(* Let $P$ be an isotropic Mueller transform field, and let $\mathrm P_{l_om_op_o,l_im_ip_i}$ be its PSH coefficients. Then: 1. $\mathrm P_{l_om_op_o,l_im_ip_i}=0$ whenever $|m_i|\ne|m_o|$. 2. For $l_i,l_o\ge2$, $\tilde{\mathrm P}_{l_om_o,l_im_i,\mathrm{iso}}=0$ whenever $m_i\ne m_o$. 3. For $l_i,l_o\ge2$, $\tilde{\mathrm P}_{l_om_o,l_im_i,\mathrm{conj}}=0$ whenever $m_i\ne -m_o$.
   Context: Fix a right-handed orthonormal global frame $F_g=[\hat x_g,\hat y_g,\hat z_g]$ of $\mathbb R^3$, spherical coordinates $\hat\omega(\theta,\phi)=\sin\theta\cos\phi\,\hat x_g+\sin\theta\sin\phi\,\hat y_g+\cos\theta\,\hat z_g$, and $d\hat\omega=\sin\theta\,d\theta\,d\phi$ on $S^2$. A local frame at $\hat\omega$ is a right-handed orthonormal frame $F$ with third axis $\hat\omega$; the others are $FR_z(\vartheta)$, i.e. $F$ rotated by $\vartheta$ about $\hat\omega$. The $\theta\phi$-frame field is $F_{\theta\phi}(\theta,\phi)=[\hat\theta,\hat\phi,\hat\omega]$ with $\hat\theta=\cos\theta\cos\phi\,\hat x_g+\cos\theta\sin\phi\,\hat y_g-\sin\theta\,\hat z_g$ and $\hat\phi=-\sin\phi\,\hat x_g+\cos\phi\,\hat y_g$. Stokes space. $\mathcal S_{\hat\omega}$ consists of classes $[\mathbf s]_F$ ($\mathbf s\in\mathbb R^4$) with $(\mathbf s,F)\sim(C(\vartheta)\mathbf s,FR_z(\vartheta))$, where $C(\vartheta)$ is the identity on coordinates 0, 3 and acts on coordinates $(1,2)$ by $\begin{pmatrix}\cos2\vartheta&\sin2\vartheta\\-\sin2\vartheta&\cos2\vartheta\end{pmatrix}$. The inner product is $\langle s,t\rangle=[s]^F\cdot[t]^F$, with $[s]^F$ the components. Rotations act by $R_{\mathcal S}[\mathbf s]_F=[\mathbf s]_{RF}$. Stokes vector fields $f$ ($f(\hat\omega)\in\mathcal S_{\hat\omega}$) have inner product $\langle f,g\rangle=\int_{S^2}\langle f(\hat\omega),g(\hat\omega)\rangle d\hat\omega$. Mueller transform fields. A Mueller transform $M:\mathcal S_{\hat\omega_i}\to\mathcal S_{\hat\omega_o}$ is a real linear map. Its Mueller matrix $[M]^{F_i\to F_o}\in\mathbb R^{4\times4}$ satisfies $[Ms]^{F_o}=[M]^{F_i\to F_o}[s]^{F_i}$. A Mueller transform field $P$ assigns to each $(\hat\omega_i,\hat\omega_o)$ a Mueller transform $P(\hat\omega_i,\hat\omega_o):\mathcal S_{\hat\omega_i}\to\mathcal S_{\hat\omega_o}$. It acts on Stokes vector fields by $P_{\mathcal F}[f](\hat\omega_o)=\int_{S^2}P(\hat\omega_i,\hat\omega_o)f(\hat\omega_i)d\hat\omega_i$. $P$ is called isotropic if $P(R\hat\omega_i,R\hat\omega_o)=R_{\mathcal S}P(\hat\omega_i,\hat\omega_o)R_{\mathcal S}^{-1}$ for every rotation $R$ about $\hat z_g$. Spherical harmonics. $Y_{lm}=\sqrt{\tfrac{2l+1}{4\pi}\tfrac{(l-m)!}{(l+m)!}}P_l^m(\cos\theta)e^{im\phi}$ with Condon–Shortley associated Legendre functions. Real SH: $Y^R_{lm}=\sqrt2\,\mathrm{Re}\,Y_{lm}$ ($m>0$), $Y_{l0}$, $\sqrt2\,\mathrm{Im}\,Y_{l|m|}$ ($m<0$). Spin-2 SH ($l\ge2$): $${}_2Y_{lm}=\sqrt{\tfrac{(l-2)!}{(l+2)!}}[\alpha_{lm}Y_{lm}+\beta_{lm}Y_{l-1,m}],$$ with $\alpha_{lm}=\frac{2m^2-l(l+1)}{\sin^2\theta}-2m(l-1)\frac{\cot\theta}{\sin\theta}+l(l-1)\cot^2\theta$ and $\beta_{lm}=2\sqrt{\tfrac{2l+1}{2l-1}(l^2-m^2)}(\frac{m}{\sin^2\theta}+\frac{\cot\theta}{\sin\theta})$. PSH. $\vec Y_{lm0}=[(Y^R_{lm},0,0,0)^T]_{F_{\theta\phi}}$, $\vec Y_{lm1}=[(0,\mathrm{Re}\,{}_2Y_{lm},\mathrm{Im}\,{}_2Y_{lm},0)^T]_{F_{\theta\phi}}$, $\vec Y_{lm2}=[(0,-\mathrm{Im}\,{}_2Y_{lm},\mathrm{Re}\,{}_2Y_{lm},0)^T]_{F_{\theta\phi}}$, $\vec Y_{lm3}=[(0,0,0,Y^R_{lm})^T]_{F_{\theta\phi}}$. Indices: $|m|\le l$, and $l\ge 2$ when $p\in\{1,2\}$. Coefficients. The PSH coefficients of $P$ are $\mathrm P_{l_om_op_o,l_im_ip_i}=\langle\vec Y_{l_om_op_o},P_{\mathcal F}[\vec Y_{l_im_ip_i}]\rangle$. For a real $2\times2$ matrix $M=(m_{jk})$, set $$\mathbb C_{\mathrm{iso}}(M)=\tfrac{m_{11}+m_{22}}2+\tfrac{m_{21}-m_{12}}2 i,\qquad \mathbb C_{\mathrm{conj}}(M)=\tfrac{m_{11}-m_{22}}2+\tfrac{m_{21}+m_{12}}2 i.$$ Let $\tilde P_{\mathrm{iso}}(\hat\omega_i,\hat\omega_o)$ and $\tilde P_{\mathrm{conj}}(\hat\omega_i,\hat\omega_o)$ be $\mathbb C_{\mathrm{iso}}$ and $\mathbb C_{\mathrm{conj}}$ of the block with rows and columns $1,2$ (indices counted from 0) of $[P(\hat\omega_i,\hat\omega_o)]^{F_{\theta\phi}(\hat\omega_i)\to F_{\theta\phi}(\hat\omega_o)}$. Define $$\tilde{\mathrm P}_{l_om_o,l_im_i,\mathrm{iso}}=\iint\tilde P_{\mathrm{iso}}(\hat\omega_i,\hat\omega_o)\,\overline{{}_2Y_{l_om_o}(\hat\omega_o)}\,{}_2Y_{l_im_i}(\hat\omega_i)\,d\hat\omega_id\hat\omega_o,$$ $$\tilde{\mathrm P}_{l_om_o,l_im_i,\mathrm{conj}}=\iint\tilde P_{\mathrm{conj}}(\hat\omega_i,\hat\omega_o)\,\overline{{}_2Y_{l_om_o}(\hat\omega_o)}\,\overline{{}_2Y_{l_im_i}(\hat\omega_i)}\,d\hat\omega_id\hat\omega_o,$$ both integrals taken over $S^2\times S^2$. *)

theory Defs
  imports "HOL-Analysis.Analysis" "HOL-Computational_Algebra.Polynomial"
begin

§

Output exactly, and only, the lines running from the one that contains "theory Defs" through the last line of the entries above.

theory Defs
  imports "HOL-Analysis.Analysis" "HOL-Computational_Algebra.Polynomial"
begin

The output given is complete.